------ SUPPLIED RECORDS ------

(* Let $Z_i=(X_i,Y_i)$, $i=1,\dots,n+1$, be i.i.d., let $V(\cdot)$ be a fixed score function with $V_i=V(Z_i)$ and $P_{V|x}(v)=\mathbb P(V(Z)\le v\mid X=x)$, and let $H(x_1,x_2)=\exp(-d(x_1,x_2)/h_n)$ with $d\ge0$, $d(x,x)=0$. Assume: $X$ has a continuous distribution on $[0,1]^p$, $V(Z)$ is continuous given $X=x$, and there are constants $L>0$, $\beta\ge0$ with $p_X\ge1/L$ on $[0,1]^p$ and (i) $\max_v|P_{V|x}(v)-P_{V|x'}(v)|\le L\,d(x,x')$ for all $x,x'\in[0,1]^p$; (ii) $\mathbb P(d(x_0,X)\le\varepsilon)\ge\varepsilon^\beta/L$ for all $\varepsilon\le h_n$, $x_0\in[0,1]^p$; (iii) $h_n\to0$ and $nh_n^\beta/\ln n\to\infty$. For $x_0\in[0,1]^p$ define $B(x_0)=\sum_{j=1}^{n+1}H(x_0,X_j)$, $\Delta(x_0,X)=H(x_0,X)\max_v|P_{V|X}(v)-P_{V|x_0}(v)|$ and $\Delta(x_0)=\sum_{i=1}^n\Delta(x_0,X_i)$. Then: (a) There is a constant $C>0$ such that for all $x_0\in[0,1]^p$, $$\mathbb P\Big(B(x_0)\le\frac{nh_n^\beta}{2eL}\Big)\le\exp\Big(-\frac{nh_n^\beta}{8L}\Big),\qquad \frac{\Delta(x_0)}{B(x_0)\vee(nh_n^\beta)}\le C\,h_n\ln(h_n^{-1}).$$ (b) Let $B_i=B(X_i)$, $H_{ij}=H(X_i,X_j)$ and $R_i=\frac{1}{B_i}\sum_{j\le n,\,j\ne i}H_{ij}\big(\mathbb 1\{V_j<V_i\}-P_{V|X_j}(V_i)\big)$. Then for every $i=1,\dots,n+1$ and every value of $V_i$, $$\mathbb P\Big(|R_i|\ge\sqrt{\tfrac{\ln n}{B_i}}\,\Big|\,X_1,\dots,X_{n+1},V_i\Big)\le\frac{2}{n^2}.$$
   Context: $a\vee b=\max\{a,b\}$; $e$ is Euler's number. *)

theory Defs
  imports "HOL-Probability.Probability"
begin

definition unit_cube :: "(real^'p) set" where
  "unit_cube = {x. \<forall>k. 0 \<le> x $ k \<and> x $ k \<le> 1}"

definition kernH :: "('x \<Rightarrow> 'x \<Rightarrow> real) \<Rightarrow> real \<Rightarrow> 'x \<Rightarrow> 'x \<Rightarrow> real" where
  "kernH d h x1 x2 = exp (- d x1 x2 / h)"

definition Bsum :: "('x \<Rightarrow> 'x \<Rightarrow> real) \<Rightarrow> real \<Rightarrow> (nat \<Rightarrow> 'a \<Rightarrow> 'x) \<Rightarrow> nat \<Rightarrow> 'x \<Rightarrow> 'a \<Rightarrow> real" where
  "Bsum d h X n x0 \<omega> = (\<Sum>j\<in>{1..n+1}. kernH d h x0 (X j \<omega>))"

definition cdf_gap :: "('x \<Rightarrow> real \<Rightarrow> real) \<Rightarrow> 'x \<Rightarrow> 'x \<Rightarrow> real" where
  "cdf_gap F x x0 = (SUP v. \<bar>F x v - F x0 v\<bar>)"

definition Delta_sum :: "('x \<Rightarrow> 'x \<Rightarrow> real) \<Rightarrow> real \<Rightarrow> ('x \<Rightarrow> real \<Rightarrow> real) \<Rightarrow> (nat \<Rightarrow> 'a \<Rightarrow> 'x) \<Rightarrow> nat \<Rightarrow> 'x \<Rightarrow> 'a \<Rightarrow> real" where
  "Delta_sum d h F X n x0 \<omega> = (\<Sum>i\<in>{1..n}. kernH d h x0 (X i \<omega>) * cdf_gap F (X i \<omega>) x0)"

definition Rstat :: "('x \<Rightarrow> 'x \<Rightarrow> real) \<Rightarrow> real \<Rightarrow> ('x \<Rightarrow> real \<Rightarrow> real) \<Rightarrow> (nat \<Rightarrow> 'a \<Rightarrow> 'x) \<Rightarrow> (nat \<Rightarrow> 'a \<Rightarrow> real) \<Rightarrow> nat \<Rightarrow> nat \<Rightarrow> 'a \<Rightarrow> real" where
  "Rstat d h F X Vs n i \<omega> =
     (1 / Bsum d h X n (X i \<omega>) \<omega>) *
     (\<Sum>j\<in>{1..n} - {i}. kernH d h (X i \<omega>) (X j \<omega>) *
        ((if Vs j \<omega> < Vs i \<omega> then 1 else 0) - F (X j \<omega>) (Vs i \<omega>)))"

definition cond_sigma :: "'a measure \<Rightarrow> (nat \<Rightarrow> 'a \<Rightarrow> 'x::topological_space) \<Rightarrow> (nat \<Rightarrow> 'a \<Rightarrow> real) \<Rightarrow> nat \<Rightarrow> nat \<Rightarrow> 'a measure" where
  "cond_sigma M X Vs n i =
     vimage_algebra (space M) (\<lambda>\<omega>. ((\<lambda>j\<in>{1..n+1}. X j \<omega>), Vs i \<omega>))
       (PiM {1..n+1} (\<lambda>_. borel) \<Otimes>\<^sub>M borel)"

end

theory Submission
  imports Defs "HOL-Probability.Hoeffding"
begin

text \<open>
  On the event \<open>d x0 X \<le> h\<close> the kernel is at least \<open>exp (-1)\<close>, so
  \<open>E exp (- e ln 2 H(x0, X)) \<le> 1 - P(d x0 X \<le> h) / 2 \<le> exp (- h^\<beta> / (2 L))\<close>; a Chernoff
  bound over the independent \<open>X_j\<close> and \<open>ln 2 \<le> 3/4\<close> give the lower tail of \<open>B(x0)\<close>. The bias
  bound is deterministic: with \<open>t = (1 + \<beta>) h ln (1/h)\<close>, points with \<open>d x0 X_i \<le> t\<close> contribute at
  most \<open>L t H(x0, X_i)\<close> by the Lipschitz condition, the others have weight \<open>H \<le> h^(1+\<beta>)\<close>.

  Given \<open>X_1, \<dots>, X_(n+1)\<close> and \<open>V_i\<close>, the indicators \<open>1{V_j < V_i}\<close>, \<open>j \<noteq> i\<close>, are
  independent Bernoulli variables with means \<open>P_(V|X_j)(V_i)\<close>, so \<open>R_i = \<Sum>_j a_j (b_j - p_j)\<close> with
  \<open>a_j = H_ij / B_i\<close>. On the product space of the sample, Hoeffding's lemma is applied one
  coordinate at a time inside the Chernoff integral; the optimal parameter gives the tail
  \<open>exp (- 2 s^2 / \<Sum> a_j^2)\<close> with \<open>s^2 = ln n / B_i\<close>, and \<open>\<Sum> a_j^2 \<le> 1 / B_i\<close> because \<open>H \<le> 1\<close>.
  The conditional bound then follows from \<open>P(A \<inter> {W \<in> S}) \<le> 2 n^(-2) P(W \<in> S)\<close> for all
  measurable \<open>S\<close>, where \<open>W = (X_1, \<dots>, X_(n+1), V_i)\<close> generates the conditioning \<sigma>-algebra.
\<close>

lemma ln_2_le_3_4: "ln 2 \<le> (3/4::real)"
proof -
  have "(2::real) \<le> (1 + (3/4) / real 8) ^ 8" by (simp add: divide_simps)
  also have "\<dots> \<le> exp (3/4)" by (rule exp_ge_one_plus_x_over_n_power_n) auto
  finally have "ln 2 \<le> ln (exp (3/4::real))" by (subst ln_le_cancel_iff) auto
  thus ?thesis by simp
qed

lemma cdf_bounds:
  fixes f :: "real \<Rightarrow> real"
  assumes "mono f" "(f \<longlongrightarrow> 0) at_bot" "(f \<longlongrightarrow> 1) at_top"
  shows "0 \<le> f v" "f v \<le> 1"
proof -
  have "eventually (\<lambda>w. f w \<le> f v) at_bot"
    unfolding eventually_at_bot_linorder by (auto intro: monoD[OF assms(1)])
  from tendsto_upperbound[OF assms(2) this] show "0 \<le> f v" by simp
  have "eventually (\<lambda>w. f v \<le> f w) at_top"
    unfolding eventually_at_top_linorder by (auto intro: monoD[OF assms(1)])
  from tendsto_lowerbound[OF assms(3) this] show "f v \<le> 1" by simp
qed

lemma cdf_gap_le:
  assumes "\<And>v. \<bar>F x v - F x0 v\<bar> \<le> c"
  shows "cdf_gap F x x0 \<le> c"
  unfolding cdf_gap_def by (rule cSUP_least) (use assms in auto)

lemma kernel_gap_term_le:
  fixes r L \<beta> \<delta> g :: real
  assumes r: "0 < r" and L: "L > 0" and \<beta>: "\<beta> \<ge> 0" and "r \<le> 1"
    and g: "g \<le> L * \<delta>" "g \<le> 1"
  shows "exp (- \<delta> / r) * g \<le> L * ((1 + \<beta>) * r * ln (1 / r)) * exp (- \<delta> / r) + r * r powr \<beta>"
proof -
  define t where "t = (1 + \<beta>) * r * ln (1 / r)"
  have t: "t \<ge> 0" unfolding t_def using r \<open>r \<le> 1\<close> \<beta> by simp
  show ?thesis
  proof (cases "\<delta> \<le> t")
    case True
    hence "exp (- \<delta> / r) * g \<le> exp (- \<delta> / r) * (L * t)"
      using g L by (intro mult_left_mono) (auto intro: order_trans)
    moreover have "exp (- \<delta> / r) * (L * t) = L * t * exp (- \<delta> / r)" by simp
    moreover have "0 \<le> r * r powr \<beta>" using r by simp
    ultimately show ?thesis unfolding t_def[symmetric] by linarith
  next
    case False
    have "exp (- \<delta> / r) * g \<le> exp (- \<delta> / r)" using g by simp
    also have "\<dots> \<le> exp (- t / r)" using False r by (simp add: divide_right_mono)
    also have "exp (- t / r) = r powr (1 + \<beta>)" using r by (simp add: t_def ln_div powr_def)
    also have "\<dots> = r * r powr \<beta>" using r by (simp add: powr_add)
    finally show ?thesis unfolding t_def[symmetric] using L t by (simp add: add_increasing)
  qed
qed
lemma norm_diff_le_if_integral_kernel_le:
  fixes v :: "real \<Rightarrow> 'a::real_normed_vector" and q :: "real \<Rightarrow> real"
  assumes st: "s \<le> t" and vc: "continuous_on {s..t} v"
    and q0: "\<And>r. r \<in> {s..t} \<Longrightarrow> 0 \<le> q r"
    and qi: "q integrable_on {s..t}" and qvi: "(\<lambda>r. q r * norm (v r)) integrable_on {s..t}"
    and qk: "integral {s..t} q \<le> \<kappa>" and \<kappa>: "\<kappa> < 1"
    and incr: "\<And>r. r \<in> {s..t} \<Longrightarrow> norm (v r - v s) \<le> integral {s..r} (\<lambda>\<tau>. q \<tau> * norm (v \<tau>))"
    and r: "r \<in> {s..t}"
  shows "norm (v r - v s) \<le> \<kappa> * norm (v s) / (1 - \<kappa>)"
proof -
  have "\<exists>x\<in>{s..t}. \<forall>y\<in>{s..t}. norm (v y) \<le> norm (v x)"
    using st by (intro continuous_attains_sup continuous_intros vc) auto
  then obtain rs where rs: "rs \<in> {s..t}" and rs_max: "\<And>y. y \<in> {s..t} \<Longrightarrow> norm (v y) \<le> norm (v rs)"
    by blast
  define M where "M = norm (v rs)"
  have M0: "M \<ge> 0" by (simp add: M_def)
  have \<kappa>0: "\<kappa> \<ge> 0" using qk integral_nonneg[OF qi q0] by linarith
  have bnd: "norm (v r - v s) \<le> \<kappa> * M" if r: "r \<in> {s..t}" for r
  proof -
    have sub: "{s..r} \<subseteq> {s..t}" using r by auto
    have qi': "q integrable_on {s..r}" using qi sub integrable_subinterval_real by blast
    have "integral {s..r} (\<lambda>\<tau>. q \<tau> * norm (v \<tau>)) \<le> integral {s..r} (\<lambda>\<tau>. q \<tau> * M)"
      using qvi sub q0 rs_max integrable_on_mult_left[OF qi', of M]
      by (intro integral_le) (auto intro: integrable_subinterval_real mult_left_mono simp: M_def)
    also have "\<dots> = integral {s..r} q * M" by simp
    also have "\<dots> \<le> integral {s..t} q * M"
      using M0 integral_subset_le[OF sub qi' qi] q0 by (intro mult_right_mono) auto
    also have "\<dots> \<le> \<kappa> * M" using M0 qk by (intro mult_right_mono) auto
    finally show ?thesis using incr[OF r] by linarith
  qed
  have "M \<le> norm (v s) + norm (v rs - v s)" unfolding M_def by (metis norm_triangle_sub)
  then have "M * (1 - \<kappa>) \<le> norm (v s)" using bnd[OF rs] by (simp add: algebra_simps)
  then have "M \<le> norm (v s) / (1 - \<kappa>)" using \<kappa> by (simp add: field_simps)
  then have "\<kappa> * M \<le> \<kappa> * (norm (v s) / (1 - \<kappa>))" using \<kappa>0 by (intro mult_left_mono)
  then show ?thesis using bnd[OF r] by simp
qed

lemma integral_periodic_shift:
  fixes f :: "real \<Rightarrow> real"
  assumes fc: "continuous_on UNIV f" and L: "L > 0" and per: "\<And>u. f (u + L) = f u"
  shows "integral {x..x + L} f = integral {y..y + L} f"
proof -
  define c where "c = min x y"
  define d where "d = max x y"
  define \<Phi> where "\<Phi> v = integral {c..v} f" for v
  define H where "H u = \<Phi> (u + L) - \<Phi> u" for u
  have fi: "f integrable_on {a..b}" for a b
    by (rule integrable_continuous_real, rule continuous_on_subset[OF fc]) auto
  have H_eq: "H u = integral {u..u+L} f" if "c \<le> u" for u
    using Henstock_Kurzweil_Integration.integral_combine[of c u "u + L" f] that L fi by (simp add: H_def \<Phi>_def)
  have \<Phi>_deriv: "(\<Phi> has_field_derivative f u) (at u within {c..d+L})" if "u \<in> {c..d+L}" for u
    unfolding \<Phi>_def using that fc by (intro integral_has_real_derivative) (auto intro: continuous_on_subset)
  have H_deriv: "(H has_field_derivative 0) (at u within {c..d})" if u: "u \<in> {c..d}" for u
  proof -
    have "(\<Phi> has_field_derivative f (u + L)) (at (u + L) within (\<lambda>u. u + L) ` {c..d})"
      using \<Phi>_deriv[of "u + L"] u L by (auto intro: has_field_derivative_subset)
    from DERIV_image_chain[OF this DERIV_add[OF DERIV_ident DERIV_const[of L]]]
    have "((\<lambda>u. \<Phi> (u + L)) has_field_derivative f (u + L)) (at u within {c..d})"
      by (simp add: o_def)
    moreover have "(\<Phi> has_field_derivative f u) (at u within {c..d})"
      using \<Phi>_deriv[of u] u L by (auto intro: has_field_derivative_subset)
    ultimately have "(H has_field_derivative f (u + L) - f u) (at u within {c..d})"
      unfolding H_def by (rule DERIV_diff)
    then show ?thesis by (simp add: per)
  qed
  have H_deriv0: "(H has_derivative (\<lambda>h. 0)) (at u within {c..d})" if "u \<in> {c..d}" for u
    using H_deriv[OF that] by (simp add: has_field_derivative_def lambda_zero)
  have Hc: "continuous_on {c..d} H" using H_deriv by (intro DERIV_continuous_on) auto
  have "H u = H c" if "u \<in> {c..d}" for u
    by (rule has_derivative_zero_unique_strong_interval[of "{}" c d H, OF _ Hc refl])
       (use H_deriv0 that in auto)
  from this[of x] this[of y] show ?thesis
    using H_eq[of x] H_eq[of y] by (simp add: c_def d_def)
qed
lemma spanning_tree_extension:
  assumes "finite W" "is_tree Adj N F" "N \<subseteq> W"
    and "\<forall>y\<in>W. \<exists>x\<in>N. (\<lambda>a b. Adj a b \<and> a \<in> W \<and> b \<in> W)\<^sup>*\<^sup>* x y"
  shows "\<exists>F'. is_tree Adj W F'"
  using assms
proof (induction "card (W - N)" arbitrary: N F rule: less_induct)
  case less
  show ?case
  proof (cases "N = W")
    case True
    then show ?thesis using less by blast
  next
    case False
    then obtain y where y: "y \<in> W" "y \<notin> N"
      using less by blast
    then obtain x where x: "x \<in> N" "(\<lambda>a b. Adj a b \<and> a \<in> W \<and> b \<in> W)\<^sup>*\<^sup>* x y"
      using less by blast
    then obtain p q where pq: "Adj p q" "p \<in> N" "q \<notin> N" "q \<in> W"
      using walk_leaves_set[OF x(2) x(1) y(2)] by blast
    have "is_tree Adj (insert q N) (insert {p, q} F)"
      using tree_extend[OF less(3) pq(2) pq(3) pq(1)] .
    moreover have "card (W - insert q N) < card (W - N)"
      using pq less(2) by (metis Diff_iff card_Diff1_less finite_Diff Diff_insert)
    ultimately show ?thesis
      using less(1)[OF _ less(2)] less(4,5) pq by blast
  qed
qed

lemma walk_within_mono:
  assumes "(\<lambda>a b. R a b \<and> a \<in> A \<and> b \<in> A)\<^sup>*\<^sup>* x y" "A \<subseteq> B"
  shows "(\<lambda>a b. R a b \<and> a \<in> B \<and> b \<in> B)\<^sup>*\<^sup>* x y"
  using assms(1) by (rule rtranclp_mono[THEN predicate2D, rotated]) (use assms(2) in auto)

lemma reflcl_step_walk:
  assumes "R\<^sup>=\<^sup>= p q" "p \<in> A" "q \<in> A"
  shows "(\<lambda>a b. R a b \<and> a \<in> A \<and> b \<in> A)\<^sup>*\<^sup>* p q"
  using assms by auto
lemma (in prob_space) integrable_pair_lborel_bounded:
  fixes h :: "'a \<times> real \<Rightarrow> real"
  assumes h: "h \<in> borel_measurable (M \<Otimes>\<^sub>M lborel)"
    and bound: "\<And>\<omega> u. \<omega> \<in> space M \<Longrightarrow> \<bar>h (\<omega>, u)\<bar> \<le> indicator {s<..t} u * B"
    and st: "s \<le> t"
  shows "integrable (M \<Otimes>\<^sub>M lborel) h"
proof -
  interpret p: pair_sigma_finite M lborel
    by (intro pair_sigma_finite.intro sigma_finite_measure_axioms lborel.sigma_finite_measure_axioms)
  have iB: "integrable lborel (\<lambda>u. indicator {s<..t} u * B)"
    by (intro integrable_mult_left integrable_real_indicator) (use st in auto)
  have section_integrable: "integrable lborel (\<lambda>u. h (\<omega>, u))" if w: "\<omega> \<in> space M" for \<omega>
  proof (rule Bochner_Integration.integrable_bound[OF iB])
    show "(\<lambda>u. h (\<omega>, u)) \<in> borel_measurable lborel"
      using measurable_compose[OF measurable_Pair1'[OF w] h] by simp
    show "AE u in lborel. norm (h (\<omega>, u)) \<le> norm (indicator {s<..t} u * B)"
      using bound[OF w] by (intro AE_I2) (auto intro: order_trans[OF _ abs_ge_self])
  qed
  have "integrable M (\<lambda>\<omega>. \<integral>u. norm (h (\<omega>, u)) \<partial>lborel)"
  proof (rule integrable_const_bound[where B="B * (t - s)"])
    have "case_prod (\<lambda>\<omega> u. norm (h (\<omega>, u))) \<in> borel_measurable (M \<Otimes>\<^sub>M lborel)"
      using measurable_compose[OF h borel_measurable_norm] by (simp add: case_prod_beta')
    then show "(\<lambda>\<omega>. \<integral>u. norm (h (\<omega>, u)) \<partial>lborel) \<in> borel_measurable M"
      by (rule lborel.borel_measurable_lebesgue_integral)
    show "AE \<omega> in M. norm (\<integral>u. norm (h (\<omega>, u)) \<partial>lborel) \<le> B * (t - s)"
    proof (rule AE_I2)
      fix \<omega> assume w: "\<omega> \<in> space M"
      have "(\<integral>u. norm (h (\<omega>, u)) \<partial>lborel) \<le> (\<integral>u. indicator {s<..t} u * B \<partial>lborel)"
        by (rule integral_mono[OF integrable_norm[OF section_integrable[OF w]] iB])
          (use bound[OF w] in simp)
      also have "\<dots> = B * (t - s)" using st by (simp add: measure_def)
      finally show "norm (\<integral>u. norm (h (\<omega>, u)) \<partial>lborel) \<le> B * (t - s)" by simp
    qed
  qed
  then show ?thesis
    by (rule p.Fubini_integrable[OF h]) (rule AE_I2, rule section_integrable)
qed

------

:: ACTIVITY ::
Set aside each line above that includes the string "metis" and report it.

:: OUTPUT OF THE EXERCISE ::
  have "M \<le> norm (v s) + norm (v rs - v s)" unfolding M_def by (metis norm_triangle_sub)
      using pq less(2) by (metis Diff_iff card_Diff1_less finite_Diff Diff_insert)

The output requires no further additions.